§ **Your objective**
Copy each line containing "exists" from the listing below.
*** Opening of Raw data ***
(* Suppose Assumption 1 (below), Assumption 5 and Assumption 6(i) hold. Then $\widehat x_1^*-x_1^*=o_p(1)$. Assumption 1: for $t\in\{1,2\}$, $Y_t(x)=g_t(U_t(x))$ where for all $(x,v)\in\mathcal X\times[0,1]$ the conditional law of $U_t(x)$ given $V_t=v$ does not depend on $t$. Assumption 5: one observes two independent samples $(Y_{i1},X_{i1})_{i=1}^n$ and $(Y_{i2},X_{i2})_{i=1}^n$, i.i.d. from the distributions of $(Y_1,X_1)$ and $(Y_2,X_2)$. Assumption 6(i): there is a unique $x_1^*$ with $F_{X_1}(x_1^* )=F_{X_2}(x_1^* )\in(0,1)$, and $F_{X_1}(x_1^* )\in(\underline p,\overline p)$.
   Context: Two periods $t\in\{1,2\}$; potential outcomes $Y_t(x)$, $x\in\mathcal X\subset\mathbb R$; observed real treatment $X_t$ and outcome $Y_t=Y_t(X_t)$; $V_t=F_{X_t}(X_t)$. Fixed constants $0<\underline p<\overline p<1$. $\widehat F_{X_t}$ is the empirical cdf of $(X_{it})_{i}$ and $\widehat F^{-1}_{X_t}$ the empirical quantile function; $\Psi_n(x)=\widehat F_{X_2}(x)-\widehat F_{X_1}(x)$; $\widehat x_1^*$ is the smallest $x\in I_n=[\widehat F^{-1}_{X_1}(\underline p),\widehat F^{-1}_{X_1}(\overline p)]$ such that $|\Psi_n(x)|\le|\Psi_n(x')|$ for all $x'\in I_n$. *)

theory Defs
  imports "HOL-Probability.Probability"
begin

definition ecdf :: "(nat \<Rightarrow> real) \<Rightarrow> nat \<Rightarrow> real \<Rightarrow> real" where
  "ecdf xs n x = real (card {i. i < n \<and> xs i \<le> x}) / real n"

definition quantile :: "(real \<Rightarrow> real) \<Rightarrow> real \<Rightarrow> real" where
  "quantile F p = Inf {x. p \<le> F x}"

definition xhat :: "(nat \<Rightarrow> real) \<Rightarrow> (nat \<Rightarrow> real) \<Rightarrow> nat \<Rightarrow> real \<Rightarrow> real \<Rightarrow> real" where
  "xhat xs1 xs2 n pl ph =
     (let Psi = (\<lambda>x. ecdf xs2 n x - ecdf xs1 n x);
          I = {quantile (ecdf xs1 n) pl .. quantile (ecdf xs1 n) ph}
      in (LEAST x. x \<in> I \<and> (\<forall>x'\<in>I. \<bar>Psi x\<bar> \<le> \<bar>Psi x'\<bar>)))"

end

theory Submission
  imports Defs
begin

(* Once both empirical cdfs are uniformly eta-close to F_X1 and F_X2, the estimator is pinned down
   deterministically. Since xstar lies in I_n, |Psi_n(xhat)| <= |Psi_n(xstar)| <= 2 eta, hence
   |F_X2 - F_X1| <= 4 eta at xhat, while F_X1(xhat) stays within eta of [pl, ph]. Away from xstar,
   |F_X2 - F_X1| is bounded below on that window (compactness and uniqueness of the crossing), so
   xhat is eps-close to xstar once eta is small.
   Uniform closeness holds outside an exponentially unlikely event: closeness of a monotone
   function to a continuous cdf on a fine finite grid propagates to the whole line, and Hoeffding's
   inequality at each grid point with a union bound controls the grid; no independence between the
   two samples is used. The minimiser in the definition of xhat exists because empirical cdfs are
   right-continuous step functions. *)

lemma (in prob_space) indep_sets_reindex:
  assumes "inj_on f J" and "indep_sets F (f ` J)"
  shows "indep_sets (F \<circ> f) J"
  unfolding indep_sets_def
proof (intro conjI ballI allI impI)
  show "(F \<circ> f) j \<subseteq> events" if "j \<in> J" for j
    using assms(2) that by (auto simp: indep_sets_def)
  fix K A assume K: "K \<subseteq> J" "K \<noteq> {}" "finite K" and A: "A \<in> Pi K (F \<circ> f)"
  have inj: "inj_on f K" using assms(1) K(1) by (rule inj_on_subset)
  define B where "B i = A (the_inv_into K f i)" for i
  have B: "B (f j) = A j" if "j \<in> K" for j
    unfolding B_def using the_inv_into_f_f[OF inj that] by simp
  have "B \<in> Pi (f ` K) F" using A B by auto
  moreover have "f ` K \<subseteq> f ` J" "f ` K \<noteq> {}" "finite (f ` K)" using K by auto
  ultimately have "prob (\<Inter>i\<in>f ` K. B i) = (\<Prod>i\<in>f ` K. prob (B i))"
    using assms(2) unfolding indep_sets_def by blast
  then show "prob (\<Inter>j\<in>K. A j) = (\<Prod>j\<in>K. prob (A j))"
    using B by (simp add: prod.reindex[OF inj] cong: INF_cong prod.cong)
qed

lemma (in prob_space) indep_vars_reindex:
  assumes "inj_on f J" and "indep_vars M' X (f ` J)"
  shows "indep_vars (M' \<circ> f) (\<lambda>j. X (f j)) J"
  using assms indep_sets_reindex[OF assms(1), of "\<lambda>i. sigma_sets (space M) {X i -` A \<inter> space M | A. A \<in> sets (M' i)}"]
  unfolding indep_vars_def by (auto simp: comp_def)

lemma (in prob_space) indep_vars_pair_snd_row:
  fixes Y :: "'i \<Rightarrow> nat \<Rightarrow> 'a \<Rightarrow> 'y::topological_space" and X :: "'i \<Rightarrow> nat \<Rightarrow> 'a \<Rightarrow> 'x::topological_space"
  assumes indep: "indep_vars (\<lambda>_. borel \<Otimes>\<^sub>M borel) (\<lambda>(t, i) \<omega>. (Y t i \<omega>, X t i \<omega>)) (T \<times> UNIV)"
    and t: "t \<in> T"
  shows "indep_vars (\<lambda>_. borel) (X t) UNIV"
proof -
  have "indep_vars (\<lambda>_. borel) (\<lambda>k \<omega>. snd ((\<lambda>(t, i) \<omega>. (Y t i \<omega>, X t i \<omega>)) k \<omega>)) (Pair t ` UNIV)"
    by (rule indep_vars_subset[OF indep_vars_compose2[OF indep]]) (use t in auto)
  from indep_vars_reindex[OF _ this] show ?thesis by (simp add: comp_def inj_on_def)
qed

lemma distr_snd_eq_if_distr_pair_eq:
  assumes eq: "distr M (N1 \<Otimes>\<^sub>M N2) (\<lambda>\<omega>. (f \<omega>, g \<omega>)) = distr M' (N1 \<Otimes>\<^sub>M N2) (\<lambda>\<omega>. (f' \<omega>, g' \<omega>))"
    and meas: "(\<lambda>\<omega>. (f \<omega>, g \<omega>)) \<in> measurable M (N1 \<Otimes>\<^sub>M N2)"
      "(\<lambda>\<omega>. (f' \<omega>, g' \<omega>)) \<in> measurable M' (N1 \<Otimes>\<^sub>M N2)"
  shows "distr M N2 g = distr M' N2 g'"
proof -
  have "distr M N2 g = distr (distr M (N1 \<Otimes>\<^sub>M N2) (\<lambda>\<omega>. (f \<omega>, g \<omega>))) N2 snd"
    using meas(1) by (subst distr_distr) (auto simp: comp_def)
  also have "\<dots> = distr M' N2 g'"
    unfolding eq using meas(2) by (subst distr_distr) (auto simp: comp_def)
  finally show ?thesis .
qed

lemma cInf_eventually_const_at_right:
  fixes S :: "real set"
  assumes "S \<noteq> {}" "bdd_below S" and const: "\<forall>\<^sub>F y in at_right (Inf S). f y = f (Inf S)"
  obtains x where "x \<in> S" "f x = f (Inf S)"
proof -
  obtain b where b: "b > Inf S" "\<And>y. Inf S < y \<Longrightarrow> y < b \<Longrightarrow> f y = f (Inf S)"
    using const unfolding eventually_at_right_field by blast
  obtain x where x: "x \<in> S" "x < b"
    using cInf_less_iff[OF assms(1,2)] b(1) by blast
  have "Inf S \<le> x" using x(1) assms(2) by (rule cInf_lower)
  then have "f x = f (Inf S)" using b(2) x(2) by (cases "x = Inf S") auto
  with x(1) show thesis by (rule that)
qed

lemma Least_minimiser_Icc:
  fixes f :: "real \<Rightarrow> real"
  assumes "a \<le> b" "finite (f ` {a..b})"
    and const: "\<And>x. \<forall>\<^sub>F y in at_right x. f y = f x"
  defines "s \<equiv> LEAST x. x \<in> {a..b} \<and> (\<forall>x'\<in>{a..b}. f x \<le> f x')"
  shows "s \<in> {a..b}" "\<And>x'. x' \<in> {a..b} \<Longrightarrow> f s \<le> f x'"
proof -
  define m where "m = Min (f ` {a..b})"
  have m: "m \<in> f ` {a..b}" "\<And>x. x \<in> {a..b} \<Longrightarrow> m \<le> f x"
    unfolding m_def using assms(1,2) by auto
  define S where "S = {x\<in>{a..b}. f x = m}"
  have S: "S \<noteq> {}" "bdd_below S" using m(1) unfolding S_def by (auto intro: bdd_belowI[of _ a])
  obtain x where x: "x \<in> S" "f x = f (Inf S)"
    using cInf_eventually_const_at_right[OF S const] .
  have "Inf S \<in> {a..b}"
    using cInf_greatest[OF S(1), of a] cInf_lower[OF x(1) S(2)] x(1) by (auto simp: S_def)
  then have "Inf S \<in> S" using x unfolding S_def by simp
  moreover have "Inf S \<le> y" if "y \<in> {a..b}" "\<forall>x'\<in>{a..b}. f y \<le> f x'" for y
    using that m S(2) by (intro cInf_lower) (auto simp: S_def intro: order.antisym)
  ultimately have "s = Inf S"
    unfolding s_def using m(2) by (intro Least_equality) (auto simp: S_def)
  with \<open>Inf S \<in> S\<close> m(2) show "s \<in> {a..b}" "\<And>x'. x' \<in> {a..b} \<Longrightarrow> f s \<le> f x'"
    by (auto simp: S_def)
qed

lemma grid_bracket:
  fixes a h x :: real
  assumes h: "h > 0" and x: "a \<le> x" "x < a + real N * h"
  obtains k where "k < N" "a + real k * h \<le> x" "x \<le> a + real (Suc k) * h"
proof -
  define k where "k = nat \<lfloor>(x - a) / h\<rfloor>"
  have k: "real k \<le> (x - a) / h" "(x - a) / h < real k + 1"
    unfolding k_def using x h by auto
  have "(x - a) / h < real N" using x h by (simp add: field_simps)
  then have "k < N" using k(1) by linarith
  moreover have "a + real k * h \<le> x" "x \<le> a + real (Suc k) * h"
    using k h by (simp_all add: field_simps)
  ultimately show thesis by (rule that)
qed

lemma uniform_grid_Icc:
  fixes F :: "real \<Rightarrow> real"
  assumes ab: "a \<le> b" and cont: "continuous_on {a..b} F" and \<eta>: "\<eta> > 0"
  obtains P where "finite P" "a \<in> P" "b \<in> P"
    "\<And>x. x \<in> {a..b} \<Longrightarrow> \<exists>p\<in>P. \<exists>q\<in>P. p \<le> x \<and> x \<le> q \<and> \<bar>F q - F p\<bar> < \<eta>"
proof -
  obtain d where d: "d > 0" and dd: "\<And>x y. x \<in> {a..b} \<Longrightarrow> y \<in> {a..b} \<Longrightarrow> \<bar>y - x\<bar> < d \<Longrightarrow> \<bar>F y - F x\<bar> < \<eta>"
    using compact_uniformly_continuous[OF cont compact_Icc] \<eta>
    unfolding uniformly_continuous_on_def dist_real_def by metis
  obtain N :: nat where N: "(b - a) / d < real N" using reals_Archimedean2 by blast
  have "0 \<le> (b - a) / d" using ab d by simp
  with N have N0: "N > 0" by simp
  define h where "h = (b - a) / real N"
  have hd: "h < d" using N N0 d unfolding h_def by (simp add: field_simps)
  have bN: "a + real N * h = b" using N0 unfolding h_def by simp
  define P where "P = (\<lambda>k. a + real k * h) ` {..N}"
  have grid: "a + real k * h \<in> P" if "k \<le> N" for k unfolding P_def using that by blast
  show thesis
  proof (rule that)
    show "finite P" "a \<in> P" "b \<in> P" using grid[of 0] grid[of N] bN unfolding P_def by auto
    fix x assume x: "x \<in> {a..b}"
    show "\<exists>p\<in>P. \<exists>q\<in>P. p \<le> x \<and> x \<le> q \<and> \<bar>F q - F p\<bar> < \<eta>"
    proof (cases "x = b")
      case True
      then show ?thesis using \<open>b \<in> P\<close> \<eta> by force
    next
      case False
      then have h0: "h > 0" using x N0 unfolding h_def by simp
      have xN: "x < a + real N * h" using x False bN by simp
      obtain k where k: "k < N" "a + real k * h \<le> x" "x \<le> a + real (Suc k) * h"
        by (rule grid_bracket[OF h0 _ xN]) (use x in simp_all)
      have "real (Suc k) * h \<le> real N * h" using k(1) h0 by (intro mult_right_mono) auto
      then have "a + real (Suc k) * h \<le> b" using bN by linarith
      then have "\<bar>F (a + real (Suc k) * h) - F (a + real k * h)\<bar> < \<eta>"
        using k(2,3) x hd h0 by (intro dd) (auto simp: algebra_simps)
      then show ?thesis using grid[of k] grid[of "Suc k"] k by fastforce
    qed
  qed
qed

lemma ecdf_eq_sum_indicator: "ecdf xs n x = (\<Sum>i<n. indicator {..x} (xs i)) / real n"
proof -
  have "(\<Sum>i<n. indicator {..x} (xs i) :: real) = real (card ({..<n} \<inter> {i. xs i \<le> x}))"
    by (simp add: indicator_def sum.If_cases)
  also have "{..<n} \<inter> {i. xs i \<le> x} = {i. i < n \<and> xs i \<le> x}" by auto
  finally show ?thesis unfolding ecdf_def by simp
qed

lemma ecdf_mono: "mono (ecdf xs n)"
  unfolding mono_def ecdf_def by (auto intro!: divide_right_mono card_mono)

lemma ecdf_in_range: "ecdf xs n x \<in> (\<lambda>k. real k / real n) ` {..n}"
proof -
  have "card {i. i < n \<and> xs i \<le> x} \<le> card {..<n}" by (rule card_mono) auto
  then show ?thesis unfolding ecdf_def by auto
qed

lemma ecdf_bounds: "ecdf xs n x \<in> {0..1}"
proof -
  have "card {i. i < n \<and> xs i \<le> x} \<le> card {..<n}" by (rule card_mono) auto
  then show ?thesis unfolding ecdf_def by (cases "n = 0") (auto simp: field_simps)
qed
*** Close of Raw data ***
§ **Finished task**
   two samples is used. The minimiser in the definition of xhat exists because empirical cdfs are
    "\<And>x. x \<in> {a..b} \<Longrightarrow> \<exists>p\<in>P. \<exists>q\<in>P. p \<le> x \<and> x \<le> q \<and> \<bar>F q - F p\<bar> < \<eta>"
    show "\<exists>p\<in>P. \<exists>q\<in>P. p \<le> x \<and> x \<le> q \<and> \<bar>F q - F p\<bar> < \<eta>"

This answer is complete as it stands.